RECORDS FOR THE TASK:
definition edge_supp :: "complex poly poly \<Rightarrow> (real \<times> real) set \<Rightarrow> (nat \<times> nat) set" where
  "edge_supp f e = {(i, j). (i, j) \<in> supp2 f \<and> (real i, real j) \<in> e}"

text \<open>x-coordinate a of the left endpoint (a,b) of the edge e (a vertex of Newt(f),
  hence a support point).\<close>
definition edge_left :: "complex poly poly \<Rightarrow> (real \<times> real) set \<Rightarrow> nat" where
  "edge_left f e = Min (fst ` edge_supp f e)"

text \<open>f_e^*(x,y) = x^(-a) f_e(x,y).\<close>
definition edge_star :: "complex poly poly \<Rightarrow> (real \<times> real) set \<Rightarrow> complex poly poly" where
  "edge_star f e = (\<Sum>(i, j)\<in>edge_supp f e.
      monom (monom (coeff (coeff f i) j) j) (i - edge_left f e))"

definition fstar :: "complex poly poly \<Rightarrow> complex poly poly" where
  "fstar f = (\<Prod>e\<in>lower_edges f. edge_star f e)"

definition eval_y :: "complex poly poly \<Rightarrow> complex \<Rightarrow> complex poly" where
  "eval_y f c = map_poly (\<lambda>q. poly q c) f"

definition nz_roots :: "complex poly \<Rightarrow> complex set" where
  "nz_roots g = {z. poly g z = 0 \<and> z \<noteq> 0}"

definition N_ang :: "real \<Rightarrow> real \<Rightarrow> complex poly \<Rightarrow> nat" where
  "N_ang \<alpha> \<beta> g = (\<Sum>z\<in>{z\<in>nz_roots g. \<alpha> \<le> Arg2pi z \<and> Arg2pi z \<le> \<beta>}. order z g)"

definition n_nz :: "complex poly \<Rightarrow> nat" where
  "n_nz g = (\<Sum>z\<in>nz_roots g. order z g)"

definition B :: "complex poly \<Rightarrow> real" where
  "B g = Sup {\<bar>real (N_ang \<alpha> \<beta> g) - real (n_nz g) * (\<beta> - \<alpha>) / (2 * pi)\<bar> | \<alpha> \<beta>.
              0 \<le> \<alpha> \<and> \<alpha> \<le> \<beta> \<and> \<beta> \<le> 2 * pi}"

end

theory Submission
  imports Defs "HOL-Complex_Analysis.Complex_Analysis"
    "HOL-Computational_Algebra.Fundamental_Theorem_Algebra" "HOL-Library.Real_Mod"
begin

text \<open>Fix \<open>w = e\<^sup>i\<^sup>\<phi>\<close> and let \<open>r \<rightarrow> 0\<close>. For a lower edge \<open>e\<close> on the line \<open>j = m i + c\<close> and a root \<open>z\<close> of
  \<open>f\<^sub>e\<^sup>*(x, w)\<close>, substitute \<open>x = r\<^sup>-\<^sup>m u\<close>: the monomials on \<open>e\<close> all acquire the same factor \<open>r\<^sup>c\<close>,
  the others a higher power of \<open>r\<close>, so by Rouch\'e's theorem the disc of radius \<open>r\<^sup>-\<^sup>m \<delta>\<close> about
  \<open>r\<^sup>-\<^sup>m z\<close> contains exactly \<open>ord\<^sub>z f\<^sub>e\<^sup>*\<close> roots of \<open>f(x, r w)\<close>. The widths of the lower edges add up
  to an upper bound for the number of non-zero roots, so these pairwise disjoint discs contain all
  of them. Scaling by
  the positive real \<open>r\<^sup>-\<^sup>m\<close> does not change arguments, so the non-zero roots of \<open>f(x, r w)\<close> can be
  matched with those of \<open>f\<^sup>*(x, w)\<close> with arguments within \<open>\<epsilon>\<close> modulo \<open>2\<pi>\<close>; such a matching moves
  the discrepancy \<open>B\<close> by at most \<open>n \<epsilon> / \<pi>\<close>, which is below 1 for \<open>\<epsilon> = \<pi> / (n + 1)\<close>.\<close>

section \<open>Angular discrepancy of a multiset of points\<close>

definition arc_count :: "real \<Rightarrow> real \<Rightarrow> complex multiset \<Rightarrow> nat" where
  "arc_count a b X = size {#z \<in># X. a \<le> Arg2pi z \<and> Arg2pi z \<le> b#}"

definition arc_deviation :: "complex multiset \<Rightarrow> real \<Rightarrow> real \<Rightarrow> real" where
  "arc_deviation X a b = \<bar>real (arc_count a b X) - real (size X) * (b - a) / (2 * pi)\<bar>"

definition arc_discrepancy :: "complex multiset \<Rightarrow> real" where
  "arc_discrepancy X = Sup {arc_deviation X a b | a b. 0 \<le> a \<and> a \<le> b \<and> b \<le> 2 * pi}"

lemma arc_count_le_size: "arc_count a b X \<le> size X"
  unfolding arc_count_def by (rule size_filter_mset_lesseq)

lemma arc_count_image_mset:
  "arc_count a b (image_mset f M) = size {#p \<in># M. a \<le> Arg2pi (f p) \<and> Arg2pi (f p) \<le> b#}"
  unfolding arc_count_def filter_mset_image_mset by simp

lemma arc_deviation_le_twice_size:
  assumes "0 \<le> a" "a \<le> b" "b \<le> 2 * pi"
  shows "arc_deviation X a b \<le> 2 * real (size X)"
proof -
  have "real (size X) * (b - a) \<le> real (size X) * (2 * pi)"
    using assms by (intro mult_left_mono) auto
  then have "real (size X) * (b - a) / (2 * pi) \<le> real (size X)"
    by (simp add: pos_divide_le_eq)
  moreover have "0 \<le> real (size X) * (b - a) / (2 * pi)" using assms by simp
  ultimately show ?thesis
    using arc_count_le_size[of a b X] unfolding arc_deviation_def by linarith
qed

lemma arc_deviation_le_discrepancy:
  assumes "0 \<le> a" "a \<le> b" "b \<le> 2 * pi"
  shows "arc_deviation X a b \<le> arc_discrepancy X"
  unfolding arc_discrepancy_def
proof (rule cSup_upper)
  show "arc_deviation X a b \<in> {arc_deviation X a b | a b. 0 \<le> a \<and> a \<le> b \<and> b \<le> 2 * pi}"
    using assms by blast
  show "bdd_above {arc_deviation X a b | a b. 0 \<le> a \<and> a \<le> b \<and> b \<le> 2 * pi}"
    using arc_deviation_le_twice_size by (auto intro!: bdd_aboveI[of _ "2 * real (size X)"])
qed

lemma arc_discrepancy_nonneg: "0 \<le> arc_discrepancy X"
  using arc_deviation_le_discrepancy[of 0 0 X] by (simp add: arc_deviation_def)

lemma arc_discrepancy_le:
  assumes "\<And>a b. 0 \<le> a \<Longrightarrow> a \<le> b \<Longrightarrow> b \<le> 2 * pi \<Longrightarrow> arc_deviation X a b \<le> C"
  shows "arc_discrepancy X \<le> C"
  unfolding arc_discrepancy_def
proof (rule cSup_least)
  show "{arc_deviation X a b | a b. 0 \<le> a \<and> a \<le> b \<and> b \<le> 2 * pi} \<noteq> {}"
    using pi_gt_zero by fastforce
qed (use assms in auto)

lemma arc_count_estimate:
  assumes "0 \<le> a" "a \<le> b" "b \<le> 2 * pi"
  shows "real (size X) * (b - a) / (2 * pi) - arc_discrepancy X \<le> real (arc_count a b X)"
    and "real (arc_count a b X) \<le> real (size X) * (b - a) / (2 * pi) + arc_discrepancy X"
  using arc_deviation_le_discrepancy[OF assms, of X] unfolding arc_deviation_def by linarith+

definition angle_close :: "real \<Rightarrow> real \<Rightarrow> real \<Rightarrow> bool" where
  "angle_close e x y \<longleftrightarrow> (\<exists>k::int. \<bar>x - y - 2 * pi * of_int k\<bar> < e)"

lemma angle_close_sym: "angle_close e x y \<Longrightarrow> angle_close e y x"
proof -
  assume "angle_close e x y"
  then obtain k :: int where "\<bar>x - y - 2 * pi * of_int k\<bar> < e" unfolding angle_close_def by blast
  then have "\<bar>y - x - 2 * pi * of_int (- k)\<bar> < e" by (simp add: abs_minus_commute algebra_simps)
  then show "angle_close e y x" unfolding angle_close_def by blast
qed

lemma angle_close_gap:
  assumes "angle_close e x y" "e \<le> x - y" "x - y \<le> 2 * pi - e"
  shows False
proof -
  obtain k :: int where k: "\<bar>x - y - 2 * pi * of_int k\<bar> < e"
    using assms(1) unfolding angle_close_def by blast
  consider "k \<le> 0" | "k \<ge> 1" by linarith
  then show False
  proof cases
    case 1
    then have "2 * pi * of_int k \<le> 0" by (simp add: mult_nonneg_nonpos)
    then show False using k assms by linarith
  next
    case 2
    then have "2 * pi \<le> 2 * pi * of_int k" by simp
    then show False using k assms by linarith
  qed
qed

lemma angle_close_inside:
  assumes "angle_close e x y" "e \<le> x" "x \<le> 2 * pi - e" "0 \<le> y" "y < 2 * pi"
  shows "\<bar>x - y\<bar> < e"
proof (rule ccontr)
  assume "\<not> \<bar>x - y\<bar> < e"
  then consider "e \<le> x - y" | "e \<le> y - x" by linarith
  then show False
  proof cases
    case 1 then show False using angle_close_gap[OF assms(1)] assms by linarith
  next
    case 2 then show False using angle_close_gap[OF angle_close_sym[OF assms(1)]] assms by linarith
  qed
qed

lemma sgn_eq_cis_Arg2pi:
  assumes "z \<noteq> 0"
  shows "sgn z = cis (Arg2pi z)"
proof -
  have "z = of_real (cmod z) * cis (Arg2pi z)"
    using Arg2pi[of z] by (simp add: is_Arg_def cis_conv_exp)
  then have "sgn z = sgn (of_real (cmod z)) * sgn (cis (Arg2pi z))" by (metis sgn_mult)
  then show ?thesis using assms by (simp add: sgn_of_real)
qed

lemma eventually_angle_close_near:
  assumes z: "z \<noteq> 0" and e: "e > 0"
  shows "eventually (\<lambda>d. \<forall>u. dist z u < d \<longrightarrow> angle_close e (Arg2pi u) (Arg2pi z)) (at_right 0)"
proof -
  have "continuous (at 1) Arg" by (rule continuous_at_Arg) (auto simp: complex_nonpos_Reals_iff)
  then obtain d0 where d0: "d0 > 0" "\<And>v. dist v 1 < d0 \<Longrightarrow> \<bar>Arg v\<bar> < e"
    unfolding continuous_at_eps_delta using e by (force simp: dist_real_def)
  define d1 where "d1 = min d0 1"
  have d1: "d1 > 0" "\<And>v. dist v 1 < d1 \<Longrightarrow> v \<noteq> 0 \<and> \<bar>Arg v\<bar> < e"
    unfolding d1_def using d0 by auto
  show ?thesis
  proof (rule eventually_at_rightI[of _ "d1 * cmod z"], intro allI impI)
    fix d u assume "d \<in> {0<..<d1 * cmod z}" "dist z u < d"
    then have close: "cmod (u - z) < d1 * cmod z" by (simp add: dist_norm norm_minus_commute)
    define v where "v = u / z"
    have u: "u = z * v" unfolding v_def using z by simp
    have "dist v 1 = cmod (u - z) / cmod z"
      unfolding v_def dist_norm using z by (simp add: norm_divide[symmetric] diff_divide_distrib)
    also have "\<dots> < d1" using close z by (simp add: divide_less_eq)
    finally have "v \<noteq> 0" and Arg_v: "\<bar>Arg v\<bar> < e" using d1(2) by blast+
    then have "cis (Arg2pi u) = cis (Arg2pi z + Arg v)"
      using z by (simp add: u sgn_eq_cis_Arg2pi[symmetric] sgn_mult cis_Arg cis_mult[symmetric])
    then obtain n :: int where "Arg2pi z + Arg v = Arg2pi u + of_int n * (2 * pi)"
      unfolding cis_eq_iff rcong_altdef by blast
    then have "Arg2pi u - Arg2pi z - 2 * pi * of_int (- n) = Arg v" by (simp add: algebra_simps)
    then have "\<bar>Arg2pi u - Arg2pi z - 2 * pi * of_int (- n)\<bar> < e" using Arg_v by simp
    then show "angle_close e (Arg2pi u) (Arg2pi z)" unfolding angle_close_def by blast
  qed (use z d1 in simp)
qed

lemma size_filter_mset_mono:
  assumes "\<And>x. x \<in># M \<Longrightarrow> P x \<Longrightarrow> Q x"
  shows "size (filter_mset P M) \<le> size (filter_mset Q M)"
  by (rule size_mset_mono[OF filter_mset_mono_strong[OF subset_mset.refl assms]])

lemma arc_count_fst_le_snd:
  assumes "\<And>p. p \<in># M \<Longrightarrow> a \<le> Arg2pi (fst p) \<Longrightarrow> Arg2pi (fst p) \<le> b \<Longrightarrow>
             x \<le> Arg2pi (snd p) \<and> Arg2pi (snd p) \<le> y"
  shows "arc_count a b (image_mset fst M) \<le> arc_count x y (image_mset snd M)"
  unfolding arc_count_image_mset by (rule size_filter_mset_mono) (use assms in blast)

lemma arc_count_snd_le_fst:
  assumes "\<And>p. p \<in># M \<Longrightarrow> x \<le> Arg2pi (snd p) \<Longrightarrow> Arg2pi (snd p) \<le> y \<Longrightarrow>
             a \<le> Arg2pi (fst p) \<and> Arg2pi (fst p) \<le> b"
  shows "arc_count x y (image_mset snd M) \<le> arc_count a b (image_mset fst M)"
  unfolding arc_count_image_mset by (rule size_filter_mset_mono) (use assms in blast)

lemma arc_count_fst_add_snd_le:
  assumes "\<And>p. p \<in># M \<Longrightarrow> a \<le> Arg2pi (fst p) \<Longrightarrow> Arg2pi (fst p) \<le> b \<Longrightarrow>
             \<not> (x \<le> Arg2pi (snd p) \<and> Arg2pi (snd p) \<le> y)"
  shows "arc_count a b (image_mset fst M) + arc_count x y (image_mset snd M) \<le> size M"
proof -
  let ?P = "\<lambda>p. a \<le> Arg2pi (fst p) \<and> Arg2pi (fst p) \<le> b"
  have "arc_count x y (image_mset snd M) \<le> size {#p \<in># M. \<not> ?P p#}"
    unfolding arc_count_image_mset by (rule size_filter_mset_mono) (use assms in blast)
  moreover have "size {#p \<in># M. ?P p#} + size {#p \<in># M. \<not> ?P p#} = size M"
    using multiset_partition[of M ?P] by (metis size_union)
  ultimately show ?thesis unfolding arc_count_image_mset by linarith
qed

context
  fixes M :: "(complex \<times> complex) multiset" and e :: real
  assumes close: "\<And>p. p \<in># M \<Longrightarrow> angle_close e (Arg2pi (fst p)) (Arg2pi (snd p))"
    and e_pos: "e > 0"
begin

text \<open>This handles
  arcs reaching within \<open>e\<close> of the cut at \<open>0 \<equiv> 2\<pi>\<close>, which cannot simply be widened by \<open>e\<close>.\<close>

lemma arc_count_excess_le_via_complement:
  assumes xy: "0 \<le> x" "x \<le> y" "y \<le> 2 * pi" "y - x = 2 * pi - (b - a) - 2 * e"
    and apart: "\<And>p. p \<in># M \<Longrightarrow> a \<le> Arg2pi (fst p) \<Longrightarrow> Arg2pi (fst p) \<le> b \<Longrightarrow>
                  \<not> (x \<le> Arg2pi (snd p) \<and> Arg2pi (snd p) \<le> y)"
  shows "real (arc_count a b (image_mset fst M)) - real (size M) * (b - a) / (2 * pi)
         \<le> arc_discrepancy (image_mset snd M) + real (size M) * e / pi"
proof -
  have "arc_count a b (image_mset fst M) + arc_count x y (image_mset snd M) \<le> size M"
    by (rule arc_count_fst_add_snd_le[OF apart])
  moreover have "real (size M) * (y - x) / (2 * pi)
                 = real (size M) - real (size M) * (b - a) / (2 * pi) - real (size M) * e / pi"
    unfolding xy(4) by (simp add: field_simps)
  ultimately show ?thesis using arc_count_estimate(1)[OF xy(1-3), of "image_mset snd M"] by simp
qed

TASK STATEMENT: All that should appear in the response is the run of lines from the first line of the entries through the line containing "j)\<in>edge_supp f e.", copied exactly.

RESPONSE BELOW:
definition edge_supp :: "complex poly poly \<Rightarrow> (real \<times> real) set \<Rightarrow> (nat \<times> nat) set" where
  "edge_supp f e = {(i, j). (i, j) \<in> supp2 f \<and> (real i, real j) \<in> e}"

text \<open>x-coordinate a of the left endpoint (a,b) of the edge e (a vertex of Newt(f),
  hence a support point).\<close>
definition edge_left :: "complex poly poly \<Rightarrow> (real \<times> real) set \<Rightarrow> nat" where
  "edge_left f e = Min (fst ` edge_supp f e)"

text \<open>f_e^*(x,y) = x^(-a) f_e(x,y).\<close>
definition edge_star :: "complex poly poly \<Rightarrow> (real \<times> real) set \<Rightarrow> complex poly poly" where
  "edge_star f e = (\<Sum>(i, j)\<in>edge_supp f e.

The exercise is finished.